Ed Warren and Lorriane are trying to prove the court the defense's innocence based upon the defendant's claim of demonic possession:

Ed Warren: So, what now? We've never had to prove a possession after the fact.

Lorriane: Demons don't just disappear like this.

What does "the fact" refer to?

  • It's after the fact/act/state of being possessed. Slightly weird "pseudo-legalese" phrasing. I assume the context is that previously, they've only ever had to prove that someone is possessed, not was possessed in the past. Commented Jul 13, 2021 at 15:46
  • 1
    It's part of the phrase after the fact.
    – stangdon
    Commented Jul 13, 2021 at 16:39
  • "After the fact" is really a mistranslation of the latin phrase "ex postfacto", which actually means something more like "from after it was done". It isn't related to 'fact' meaning a true statement. Commented Jul 13, 2021 at 18:52

1 Answer 1


"After the fact" is an idiom meaning "after the event occurred".

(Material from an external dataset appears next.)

(* Let $(p,q)$ be a piecewise elementary pair of partial isomorphisms of $\mathbb{Q}$ and suppose the triple $(p',q',w)$ liberates $p$ in $(p,q)$. Let $u$ be a reduced word that is either empty or of the form $u=t^nv$ ($n\neq0$, product reduced) such that $uw$ is reduced (no cancellation). Then there are partial isomorphisms $p''\supseteq p'$ and $q''\supseteq q'$ such that $(p'',q'',uw)$ liberates $p$ in $(p,q)$. The same holds with $p$ and $q$ interchanged: if $(p',q',w)$ liberates $q$ in $(p,q)$ and $u$ is empty or $u=s^mv$ ($m\ne0$) with $uw$ reduced, then there are $p''\supseteq p'$, $q''\supseteq q'$ with $(p'',q'',uw)$ liberating $q$ in $(p,q)$.
   Context: A partial isomorphism of $\mathbb{Q}$ is an order-preserving bijection $p$ between finite subsets $\mathrm{dom}(p),\mathrm{ran}(p)$ of $\mathbb{Q}$; $p'\supseteq p$ means $p'$ extends $p$; $p|_I$ is the restriction of $p$ to $I\cap\mathrm{dom}(p)$; $\mathrm{Fix}(p)=\{c\in\mathrm{dom}(p):p(c)=c\}$. An open interval $(a,b)$ is $p$-increasing if $a,b\in\mathrm{dom}(p)$, $p(a)=a$, $p(b)=b$ and $p(c)>c$ for all $c\in\mathrm{dom}(p)\cap(a,b)$; $p$-decreasing likewise with $p(c)<c$; $p$-monotone means either. Writing $\mathrm{dom}(p)=\{a_0<\dots<a_n\}$, $p$ is informative if $p(a_0)=a_0$, $p(a_n)=a_n$ and there are indices $0=i_0<\dots<i_r=n$ with $p(a_{i_k})=a_{i_k}$ and each $(a_{i_k},a_{i_{k+1}})$ $p$-monotone; then $\mathrm{Ess}(p)=(\mathrm{dom}(p)\cup\mathrm{ran}(p))\setminus\{a_0,a_n\}$. A pair $(p,q)$ is piecewise elementary if $p,q$ are informative, $\min\mathrm{dom}(p)=\min\mathrm{dom}(q)$ and $\max\mathrm{dom}(p)=\max\mathrm{dom}(q)$; it is elementary if moreover $\mathrm{Fix}(p)\cap\mathrm{Fix}(q)$ consists only of this min and max. Words: $F(s,t)$ free group; for reduced $w=t^{n_k}s^{m_k}\cdots t^{n_1}s^{m_1}$, $w(p,q)(c)=q^{n_k}p^{m_k}\cdots q^{n_1}p^{m_1}(c)$ when defined (rightmost letter acts first); "$w=t^nv$" means the product is reduced. Liberation for elementary pairs: a triple $(p',q',w)$ with $p'\supseteq p$, $q'\supseteq q$ partial isomorphisms and $w$ reduced liberates $p$ in $(p,q)$ if: (i) $p',q'$ are informative; (ii) $\min\mathrm{dom}(p')=\min\mathrm{dom}(p)$, $\min\mathrm{dom}(q')=\min\mathrm{dom}(q)$, $\max\mathrm{dom}(p')=\max\mathrm{dom}(p)$, $\max\mathrm{dom}(q')=\max\mathrm{dom}(q)$; (iii) $w=t^nv$ with $n\neq0$; (iv) $w(p',q')(c)$ is defined for all $c\in\mathrm{Ess}(p)\cup\mathrm{Ess}(q)$ and $w(p',q')(\min(\mathrm{Ess}(p)\cup\mathrm{Ess}(q)))>\max\mathrm{Ess}(p')$; (v) there is an open interval $J$ whose right endpoint is $\max\mathrm{dom}(q)$, with $w(p',q')(c)\in J$ for all $c\in\mathrm{Ess}(p)\cup\mathrm{Ess}(q)$, and $J$ is $q'$-increasing if $n>0$ and $q'$-decreasing if $n<0$. It liberates $q$ if the same holds with roles of $p,q$ and of $s,t$ interchanged. Liberation for piecewise elementary pairs: let $a_0<\dots<a_m$ enumerate $\mathrm{Fix}(p)\cap\mathrm{Fix}(q)$ and $I_j=[a_j,a_{j+1}]$ (so each $(p|_{I_j},q|_{I_j})$ is elementary); $(p',q',w)$ liberates $p$ [resp. $q$] in $(p,q)$ if the min/max conditions (ii) hold and for every $j<m$ the triple $(p'|_{I_j},q'|_{I_j},w)$ liberates $p|_{I_j}$ [resp. $q|_{I_j}$] in $(p|_{I_j},q|_{I_j})$. *)

theory Defs
  imports Complex_Main
begin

Like if you say, "The boss gave his approval after the fact", that means he approved it after it was already done, rather than giving permission in advance.

In this case, I'd have to see more context, but I'd guess that Mr Warren is saying that it would be difficult enough to prove that someone is demon-possessed at the time that you are claiming that they are possessed. Trying to prove it after the (alleged) demon has left them and they are no longer possessed would be extremely difficult.